Restate all the data exactly, so that each line is the same as before.

☆ ☆ ☆

(* Let $\mathbf{u}=(u_n)$ be an a-sequence whose sequence of ratios $(q_n)$ is unbounded. Then $s_\mathbf{u}(\mathbb{T})=\{x\in\mathbb{T}: u_nx\to0\text{ in }\mathbb{T}\}$ is not an $F_\sigma$-subset of $\mathbb{T}$.
   Context: An a-sequence is a strictly increasing sequence of integers $\mathbf{u}=(u_n)_{n\in\mathbb{N}}$ with $u_n\mid u_{n+1}$ for all $n$; its ratios are $q_0=u_0$ and $q_n=u_n/u_{n-1}$ for $n>0$. $\mathbb{T}=\mathbb{R}/\mathbb{Z}$ with its usual compact topology. *)

theory Defs
  imports "HOL-Analysis.Analysis"
begin

definition a_sequence :: "(nat \<Rightarrow> int) \<Rightarrow> bool" where
  "a_sequence u \<longleftrightarrow> strict_mono u \<and> (\<forall>n. u n dvd u (Suc n))"

definition ratios :: "(nat \<Rightarrow> int) \<Rightarrow> nat \<Rightarrow> int" where
  "ratios u n = (if n = 0 then u 0 else u n div u (n - 1))"

text \<open>The circle group T = R/Z, realised (homeomorphically, as a topological group)
  as the unit circle in the complex plane via the quotient map x mod 1 to exp(2 pi i x).\<close>
definition torus_map :: "real \<Rightarrow> complex" where
  "torus_map x = exp (2 * of_real pi * \<i> * of_real x)"

definition torus :: "complex set" where
  "torus = sphere 0 1"

definition torus_top :: "complex topology" where
  "torus_top = top_of_set torus"

definition s_u :: "(nat \<Rightarrow> int) \<Rightarrow> complex set" where
  "s_u u = {torus_map x | x. (\<lambda>n. torus_map (real_of_int (u n) * x)) \<longlonglongrightarrow> torus_map 0}"

end

theory Submission
  imports Defs
begin

text \<open>
  Choose block indices \<open>N 0 < N 1 < ...\<close> at which the ratios \<open>q (N j)\<close> are large and between
  which \<open>u\<close> grows a lot. To a level sequence \<open>lev\<close> attach the point
  \<open>x lev = \<Sum>j. (q (N j) div (lev j + 3)) / u (N j)\<close>. For \<open>N j \<le> n < N (j + 1)\<close> the summands
  up to \<open>j\<close> make \<open>u n * x lev\<close> an integer and the summands beyond \<open>j + 1\<close> are negligible, so
  modulo 1 the number \<open>u n * x lev\<close> lies in \<open>[0, 1 / (lev (j + 1) + 3)]\<close> up to a tiny error, and
  it is close to \<open>1 / (lev (j + 1) + 3)\<close> for \<open>n = N (j + 1) - 1\<close>. Hence \<open>x lev\<close> lies in \<open>s_u\<close>
  when \<open>lev\<close> tends to infinity and not when \<open>lev\<close> is eventually constant, while \<open>lev \<mapsto> x lev\<close>
  is continuous on the Baire space. A diagonal argument shows that a set separating these two kinds
  of sequences along a continuous map is never a countable union of closed sets.
\<close>

section \<open>The circle\<close>

lemma torus_map_add: "torus_map (a + b) = torus_map a * torus_map b"
  unfolding torus_map_def by (simp add: distrib_left exp_add)

lemma torus_map_of_int [simp]: "torus_map (of_int k) = 1"
  unfolding torus_map_def using exp_2pi_1_int[of k] by (simp add: mult_ac)

lemma torus_map_0 [simp]: "torus_map 0 = 1"
  using torus_map_of_int[of 0] by simp

lemma torus_map_add_of_int [simp]: "torus_map (t + of_int k) = torus_map t"
  by (simp add: torus_map_add)

lemma torus_map_eq_imp_int_diff:
  assumes "torus_map a = torus_map b"
  shows "\<exists>k::int. a = b + of_int k"
proof -
  obtain k :: int where "2 * of_real pi * \<i> * of_real a
      = 2 * of_real pi * \<i> * of_real b + of_real (of_int (2 * k) * pi) * \<i>"
    using assms unfolding torus_map_def exp_eq by blast
  then have "2 * pi * a = 2 * pi * (b + of_int k)"
    by (drule_tac arg_cong[where f = Im]) (simp add: algebra_simps)
  then show ?thesis by auto
qed

lemma Re_torus_map: "Re (torus_map t) = cos (2 * pi * t)"
  unfolding torus_map_def by (simp add: Re_exp)

lemma Re_torus_map_le_cos:
  assumes "0 \<le> d" "d \<le> t" "t \<le> 1/2"
  shows "Re (torus_map t) \<le> cos (2 * pi * d)"
proof -
  have "pi * (2 * d) \<le> pi * (2 * t)" "pi * (2 * t) \<le> pi * 1"
    using assms by (intro mult_left_mono; simp)+
  then show ?thesis
    unfolding Re_torus_map using assms(1) by (intro cos_monotone_0_pi_le) (auto simp: mult_ac)
qed

lemma isCont_torus_map: "isCont torus_map t"
  unfolding torus_map_def by (intro continuous_intros)

lemma closed_torus: "closed torus"
  by (simp add: torus_def)

lemma mem_s_u_iff: "torus_map x \<in> s_u u \<longleftrightarrow> (\<lambda>n. torus_map (of_int (u n) * x)) \<longlonglongrightarrow> 1"
proof
  assume "torus_map x \<in> s_u u"
  then obtain y where xy: "torus_map x = torus_map y"
    and lim: "(\<lambda>n. torus_map (of_int (u n) * y)) \<longlonglongrightarrow> 1"
    unfolding s_u_def by auto
  obtain k :: int where "x = y + of_int k" using torus_map_eq_imp_int_diff[OF xy] by blast
  then have "torus_map (of_int (u n) * x) = torus_map (of_int (u n) * y)" for n
    using torus_map_add_of_int[of "of_int (u n) * y" "u n * k"] by (simp add: algebra_simps)
  then show "(\<lambda>n. torus_map (of_int (u n) * x)) \<longlonglongrightarrow> 1"
    using lim by simp
qed (auto simp: s_u_def)

section \<open>a-sequences\<close>

lemma a_sequence_dvd:
  assumes "a_sequence u" "m \<le> n"
  shows "u m dvd u n"
  using assms(2)
proof (induction n rule: dec_induct)
  case (step n)
  then show ?case using assms(1) dvd_trans unfolding a_sequence_def by blast
qed simp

☆ ☆ ☆

Exercise response
(* Let $\mathbf{u}=(u_n)$ be an a-sequence whose sequence of ratios $(q_n)$ is unbounded. Then $s_\mathbf{u}(\mathbb{T})=\{x\in\mathbb{T}: u_nx\to0\text{ in }\mathbb{T}\}$ is not an $F_\sigma$-subset of $\mathbb{T}$.
   Context: An a-sequence is a strictly increasing sequence of integers $\mathbf{u}=(u_n)_{n\in\mathbb{N}}$ with $u_n\mid u_{n+1}$ for all $n$; its ratios are $q_0=u_0$ and $q_n=u_n/u_{n-1}$ for $n>0$. $\mathbb{T}=\mathbb{R}/\mathbb{Z}$ with its usual compact topology. *)

theory Defs
  imports "HOL-Analysis.Analysis"
begin

definition a_sequence :: "(nat \<Rightarrow> int) \<Rightarrow> bool" where
  "a_sequence u \<longleftrightarrow> strict_mono u \<and> (\<forall>n. u n dvd u (Suc n))"

definition ratios :: "(nat \<Rightarrow> int) \<Rightarrow> nat \<Rightarrow> int" where
  "ratios u n = (if n = 0 then u 0 else u n div u (n - 1))"

text \<open>The circle group T = R/Z, realised (homeomorphically, as a topological group)
  as the unit circle in the complex plane via the quotient map x mod 1 to exp(2 pi i x).\<close>
definition torus_map :: "real \<Rightarrow> complex" where
  "torus_map x = exp (2 * of_real pi * \<i> * of_real x)"

definition torus :: "complex set" where
  "torus = sphere 0 1"

definition torus_top :: "complex topology" where
  "torus_top = top_of_set torus"

definition s_u :: "(nat \<Rightarrow> int) \<Rightarrow> complex set" where
  "s_u u = {torus_map x | x. (\<lambda>n. torus_map (real_of_int (u n) * x)) \<longlonglongrightarrow> torus_map 0}"

end

theory Submission
  imports Defs
begin

text \<open>
  Choose block indices \<open>N 0 < N 1 < ...\<close> at which the ratios \<open>q (N j)\<close> are large and between
  which \<open>u\<close> grows a lot. To a level sequence \<open>lev\<close> attach the point
  \<open>x lev = \<Sum>j. (q (N j) div (lev j + 3)) / u (N j)\<close>. For \<open>N j \<le> n < N (j + 1)\<close> the summands
  up to \<open>j\<close> make \<open>u n * x lev\<close> an integer and the summands beyond \<open>j + 1\<close> are negligible, so
  modulo 1 the number \<open>u n * x lev\<close> lies in \<open>[0, 1 / (lev (j + 1) + 3)]\<close> up to a tiny error, and
  it is close to \<open>1 / (lev (j + 1) + 3)\<close> for \<open>n = N (j + 1) - 1\<close>. Hence \<open>x lev\<close> lies in \<open>s_u\<close>
  when \<open>lev\<close> tends to infinity and not when \<open>lev\<close> is eventually constant, while \<open>lev \<mapsto> x lev\<close>
  is continuous on the Baire space. A diagonal argument shows that a set separating these two kinds
  of sequences along a continuous map is never a countable union of closed sets.
\<close>

section \<open>The circle\<close>

lemma torus_map_add: "torus_map (a + b) = torus_map a * torus_map b"
  unfolding torus_map_def by (simp add: distrib_left exp_add)

lemma torus_map_of_int [simp]: "torus_map (of_int k) = 1"
  unfolding torus_map_def using exp_2pi_1_int[of k] by (simp add: mult_ac)

lemma torus_map_0 [simp]: "torus_map 0 = 1"
  using torus_map_of_int[of 0] by simp

lemma torus_map_add_of_int [simp]: "torus_map (t + of_int k) = torus_map t"
  by (simp add: torus_map_add)

lemma torus_map_eq_imp_int_diff:
  assumes "torus_map a = torus_map b"
  shows "\<exists>k::int. a = b + of_int k"
proof -
  obtain k :: int where "2 * of_real pi * \<i> * of_real a
      = 2 * of_real pi * \<i> * of_real b + of_real (of_int (2 * k) * pi) * \<i>"
    using assms unfolding torus_map_def exp_eq by blast
  then have "2 * pi * a = 2 * pi * (b + of_int k)"
    by (drule_tac arg_cong[where f = Im]) (simp add: algebra_simps)
  then show ?thesis by auto
qed

lemma Re_torus_map: "Re (torus_map t) = cos (2 * pi * t)"
  unfolding torus_map_def by (simp add: Re_exp)

lemma Re_torus_map_le_cos:
  assumes "0 \<le> d" "d \<le> t" "t \<le> 1/2"
  shows "Re (torus_map t) \<le> cos (2 * pi * d)"
proof -
  have "pi * (2 * d) \<le> pi * (2 * t)" "pi * (2 * t) \<le> pi * 1"
    using assms by (intro mult_left_mono; simp)+
  then show ?thesis
    unfolding Re_torus_map using assms(1) by (intro cos_monotone_0_pi_le) (auto simp: mult_ac)
qed

lemma isCont_torus_map: "isCont torus_map t"
  unfolding torus_map_def by (intro continuous_intros)

lemma closed_torus: "closed torus"
  by (simp add: torus_def)

lemma mem_s_u_iff: "torus_map x \<in> s_u u \<longleftrightarrow> (\<lambda>n. torus_map (of_int (u n) * x)) \<longlonglongrightarrow> 1"
proof
  assume "torus_map x \<in> s_u u"
  then obtain y where xy: "torus_map x = torus_map y"
    and lim: "(\<lambda>n. torus_map (of_int (u n) * y)) \<longlonglongrightarrow> 1"
    unfolding s_u_def by auto
  obtain k :: int where "x = y + of_int k" using torus_map_eq_imp_int_diff[OF xy] by blast
  then have "torus_map (of_int (u n) * x) = torus_map (of_int (u n) * y)" for n
    using torus_map_add_of_int[of "of_int (u n) * y" "u n * k"] by (simp add: algebra_simps)
  then show "(\<lambda>n. torus_map (of_int (u n) * x)) \<longlonglongrightarrow> 1"
    using lim by simp
qed (auto simp: s_u_def)

section \<open>a-sequences\<close>

lemma a_sequence_dvd:
  assumes "a_sequence u" "m \<le> n"
  shows "u m dvd u n"
  using assms(2)
proof (induction n rule: dec_induct)
  case (step n)
  then show ?case using assms(1) dvd_trans unfolding a_sequence_def by blast
qed simp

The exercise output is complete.